> [Task instructions] Among the records that follow, set down only the lines from the one containing "t0 \<beta> \<gamma> /" to the one containing "- mat2 0 1 z 0)", both included, exactly.

Exercise material Block Start

(* Let $c_0,z_0>0$ and let $R_{III,2}(z,\varepsilon)$ be defined as in the context. If \begin{equation*} \int_{-z_0}^{z_0}\|R_{III}(t(s,\varepsilon),\varepsilon)\|ds=o\left(\varepsilon^{\frac23}\right) \text{ as }\varepsilon\rightarrow0^+, \end{equation*} then the system \begin{equation*} u_{III,2}'(z) =\left( c_0 \left( \begin{array}{cc} 0 & 1 \\ z & 0 \\ \end{array} \right) + R_{III,2}(z,\varepsilon) \right) u_{III,2}(z) \end{equation*} has a matrix solution $U_{III,2}(z,\varepsilon)$ such that for every $z\in[-z_0,z_0]$ \begin{equation*} U_{III,2}(z,\varepsilon)\rightarrow \left( \begin{array}{cc} \mathrm{Ai}(c_0^{\frac23}z) & \mathrm{Bi}(c_0^{\frac23}z) \\ c_0^{-\frac13}\mathrm{Ai}\,'(c_0^{\frac23}z) & c_0^{-\frac13}\mathrm{Bi}\,'(c_0^{\frac23}z) \\ \end{array} \right) \text{ as }\varepsilon\rightarrow0^+. \end{equation*}
   Context: Let $\beta>0$, $\gamma\in(\frac12,1)$, $t_0:=(2\beta)^{1/\gamma}$ (the turning point), and $c_0:=\frac{t_0}{4\gamma}$. Let $\varepsilon>0$ be a small parameter, and use the variable $z(t,\varepsilon):=\varepsilon^{-2/3}\left(1-\frac{t^{2\gamma}}{4\beta^2}\right)$, with inverse $t(z,\varepsilon)=t_0(1-\varepsilon^{2/3}z)^{1/(2\gamma)}$. Let $R_{III}(t,\varepsilon)$ be a $2\times2$ matrix-valued remainder (the perturbation in the system $\varepsilon u'(t)=\left(\begin{pmatrix}\beta/t^{\gamma} & -1/2\\ 1/2 & -\beta/t^{\gamma}\end{pmatrix}+R_{III}(t,\varepsilon)\right)u(t)$). Define $T_{III}(t):=\begin{pmatrix}1 & \frac{\beta}{t^{\gamma}}+\frac12\\ 1 & -\frac{\beta}{t^{\gamma}}-\frac12\end{pmatrix}$, $R_{III,1}(t,\varepsilon):=-\frac{\varepsilon\beta\gamma}{t^{1+\gamma}\left(\frac{\beta}{t^{\gamma}}+\frac12\right)}\begin{pmatrix}0&0\\0&1\end{pmatrix}+T_{III}^{-1}(t)R_{III}(t,\varepsilon)T_{III}(t)$, and \begin{multline*} R_{III,2}(z,\varepsilon):=c_0\left(\frac1{(1-\varepsilon^{\frac23}z)^{1-\frac1{2\gamma}}}\begin{pmatrix}0&1\\ \frac{z}{1-\varepsilon^{\frac23}z}&0\end{pmatrix}-\begin{pmatrix}0&1\\ z&0\end{pmatrix}\right)\\ -\frac{c_0}{\varepsilon^{\frac23}(1-\varepsilon^{\frac23}z)^{1-\frac1{2\gamma}}}\begin{pmatrix}\varepsilon^{\frac13}&0\\0&-2\end{pmatrix}R_{III,1}(t(z,\varepsilon),\varepsilon)\begin{pmatrix}2&0\\0&-\varepsilon^{\frac13}\end{pmatrix}. \end{multline*} $\mathrm{Ai}$, $\mathrm{Bi}$ denote the Airy functions. *)

theory Defs
  imports "HOL-Analysis.Analysis" "HOL-Library.Landau_Symbols"
begin

definition mat2 :: "real \<Rightarrow> real \<Rightarrow> real \<Rightarrow> real \<Rightarrow> real^2^2" where
  "mat2 a b c d = (\<chi> i j. if i = 1 then (if j = 1 then a else b) else (if j = 1 then c else d))"

definition t0 :: "real \<Rightarrow> real \<Rightarrow> real" where
  "t0 \<beta> \<gamma> = (2 * \<beta>) powr (1 / \<gamma>)"

definition c0 :: "real \<Rightarrow> real \<Rightarrow> real" where
  "c0 \<beta> \<gamma> = t0 \<beta> \<gamma> / (4 * \<gamma>)"

definition tz :: "real \<Rightarrow> real \<Rightarrow> real \<Rightarrow> real \<Rightarrow> real" where
  "tz \<beta> \<gamma> z \<epsilon> = t0 \<beta> \<gamma> * (1 - \<epsilon> powr (2/3) * z) powr (1 / (2 * \<gamma>))"

definition T_III :: "real \<Rightarrow> real \<Rightarrow> real \<Rightarrow> real^2^2" where
  "T_III \<beta> \<gamma> t = mat2 1 (\<beta> / t powr \<gamma> + 1/2) 1 (- (\<beta> / t powr \<gamma>) - 1/2)"

definition R_III1 :: "real \<Rightarrow> real \<Rightarrow> (real \<Rightarrow> real \<Rightarrow> real^2^2) \<Rightarrow> real \<Rightarrow> real \<Rightarrow> real^2^2" where
  "R_III1 \<beta> \<gamma> R t \<epsilon> =
     (- (\<epsilon> * \<beta> * \<gamma>) / (t powr (1 + \<gamma>) * (\<beta> / t powr \<gamma> + 1/2))) *\<^sub>R mat2 0 0 0 1
     + matrix_inv (T_III \<beta> \<gamma> t) ** R t \<epsilon> ** T_III \<beta> \<gamma> t"

definition R_III2 :: "real \<Rightarrow> real \<Rightarrow> (real \<Rightarrow> real \<Rightarrow> real^2^2) \<Rightarrow> real \<Rightarrow> real \<Rightarrow> real^2^2" where
  "R_III2 \<beta> \<gamma> R z \<epsilon> =
     c0 \<beta> \<gamma> *\<^sub>R
       ((1 / (1 - \<epsilon> powr (2/3) * z) powr (1 - 1 / (2 * \<gamma>))) *\<^sub>R
          mat2 0 1 (z / (1 - \<epsilon> powr (2/3) * z)) 0
        - mat2 0 1 z 0)
     - (c0 \<beta> \<gamma> / (\<epsilon> powr (2/3) * (1 - \<epsilon> powr (2/3) * z) powr (1 - 1 / (2 * \<gamma>)))) *\<^sub>R
       (mat2 (\<epsilon> powr (1/3)) 0 0 (-2) ** R_III1 \<beta> \<gamma> R (tz \<beta> \<gamma> z \<epsilon>) \<epsilon>
          ** mat2 2 0 0 (- (\<epsilon> powr (1/3))))"

text \<open>Airy functions via their Maclaurin series (DLMF 9.4.1, 9.4.2).\<close>
definition airy_f :: "real \<Rightarrow> real" where
  "airy_f x = (\<Sum>k. 3 ^ k * pochhammer (1/3) k * x ^ (3 * k) / fact (3 * k))"

definition airy_g :: "real \<Rightarrow> real" where
  "airy_g x = (\<Sum>k. 3 ^ k * pochhammer (2/3) k * x ^ (3 * k + 1) / fact (3 * k + 1))"

definition Ai :: "real \<Rightarrow> real" where
  "Ai x = airy_f x / (3 powr (2/3) * Gamma (2/3)) - airy_g x / (3 powr (1/3) * Gamma (1/3))"

definition Bi :: "real \<Rightarrow> real" where
  "Bi x = sqrt 3 * (airy_f x / (3 powr (2/3) * Gamma (2/3)) + airy_g x / (3 powr (1/3) * Gamma (1/3)))"

definition airy_limit :: "real \<Rightarrow> real \<Rightarrow> real^2^2" where
  "airy_limit c z = mat2 (Ai (c powr (2/3) * z)) (Bi (c powr (2/3) * z))
                         (c powr (-1/3) * deriv Ai (c powr (2/3) * z))
                         (c powr (-1/3) * deriv Bi (c powr (2/3) * z))"

end

theory Submission
  imports Defs
begin

text \<open>The Airy matrix \<open>airy_limit c\<close>, \<open>c = c0 \<beta> \<gamma>\<close>, solves the unperturbed system
  \<open>u' = c [[0,1],[z,0]] u\<close>, since \<open>Ai\<close> and \<open>Bi\<close> solve \<open>y'' = x y\<close> termwise as power series.
  On \<open>[-z0, z0]\<close> the perturbation \<open>R_III2\<close> is the error of the change of variables, which is
  uniformly small because \<open>1 - \<epsilon>^(2/3) z\<close> is uniformly close to 1, plus \<open>\<epsilon>^(-2/3)\<close> times a
  bounded conjugate of \<open>R_III1 = O(\<epsilon>) + O(\<parallel>R_III\<parallel>)\<close>; by the hypothesis the \<open>L\<^sup>1\<close> norm of
  \<open>R_III2\<close> therefore tends to 0. A linear Volterra equation with continuous kernel perturbed by
  an \<open>L\<^sup>1\<close>-small kernel has a solution uniformly close to the unperturbed one.\<close>

lemma norm_matrix_mult_le:
  fixes A :: "real^'n^'m" and B :: "real^'k^'n"
  shows "norm (A ** B) \<le> norm A * norm B"
proof -
  have sq: "norm M ^ 2 = (\<Sum>i\<in>UNIV. \<Sum>j\<in>UNIV. (M $ i $ j)^2)" for M :: "real^'q^'p"
    by (simp add: norm_vec_def L2_set_def sum_nonneg)
  have sq_col: "(\<Sum>j\<in>UNIV. norm (column j B) ^ 2) = norm B ^ 2"
    unfolding sq by (simp add: column_def norm_vec_def L2_set_def sum_nonneg) (rule sum.swap)
  have sq_row: "(\<Sum>i\<in>UNIV. norm (A $ i) ^ 2) = norm A ^ 2"
    by (simp add: norm_vec_def L2_set_def sum_nonneg)
  have entry: "\<bar>(A ** B) $ i $ j\<bar> \<le> norm (A $ i) * norm (column j B)" for i j
    using Cauchy_Schwarz_ineq2[of "A $ i" "column j B"]
    by (simp add: matrix_matrix_mult_def inner_vec_def column_def)
  have "norm (A ** B) ^ 2 \<le> (\<Sum>i\<in>UNIV. \<Sum>j\<in>UNIV. norm (A $ i) ^ 2 * norm (column j B) ^ 2)"
    unfolding sq[of "A ** B"]
    by (intro sum_mono) (metis entry abs_ge_zero power_mono power_mult_distrib power2_abs)
  also have "\<dots> = (\<Sum>i\<in>UNIV. norm (A $ i) ^ 2) * (\<Sum>j\<in>UNIV. norm (column j B) ^ 2)"
    by (simp add: sum_product)
  also have "\<dots> = (norm A * norm B) ^ 2"
    by (simp only: sq_row sq_col power_mult_distrib)
  finally show ?thesis
    by (rule power2_le_imp_le) simp
qed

Exercise material Block End

> [Task output]
  "c0 \<beta> \<gamma> = t0 \<beta> \<gamma> / (4 * \<gamma>)"

definition tz :: "real \<Rightarrow> real \<Rightarrow> real \<Rightarrow> real \<Rightarrow> real" where
  "tz \<beta> \<gamma> z \<epsilon> = t0 \<beta> \<gamma> * (1 - \<epsilon> powr (2/3) * z) powr (1 / (2 * \<gamma>))"

definition T_III :: "real \<Rightarrow> real \<Rightarrow> real \<Rightarrow> real^2^2" where
  "T_III \<beta> \<gamma> t = mat2 1 (\<beta> / t powr \<gamma> + 1/2) 1 (- (\<beta> / t powr \<gamma>) - 1/2)"

definition R_III1 :: "real \<Rightarrow> real \<Rightarrow> (real \<Rightarrow> real \<Rightarrow> real^2^2) \<Rightarrow> real \<Rightarrow> real \<Rightarrow> real^2^2" where
  "R_III1 \<beta> \<gamma> R t \<epsilon> =
     (- (\<epsilon> * \<beta> * \<gamma>) / (t powr (1 + \<gamma>) * (\<beta> / t powr \<gamma> + 1/2))) *\<^sub>R mat2 0 0 0 1
     + matrix_inv (T_III \<beta> \<gamma> t) ** R t \<epsilon> ** T_III \<beta> \<gamma> t"

definition R_III2 :: "real \<Rightarrow> real \<Rightarrow> (real \<Rightarrow> real \<Rightarrow> real^2^2) \<Rightarrow> real \<Rightarrow> real \<Rightarrow> real^2^2" where
  "R_III2 \<beta> \<gamma> R z \<epsilon> =
     c0 \<beta> \<gamma> *\<^sub>R
       ((1 / (1 - \<epsilon> powr (2/3) * z) powr (1 - 1 / (2 * \<gamma>))) *\<^sub>R
          mat2 0 1 (z / (1 - \<epsilon> powr (2/3) * z)) 0
        - mat2 0 1 z 0)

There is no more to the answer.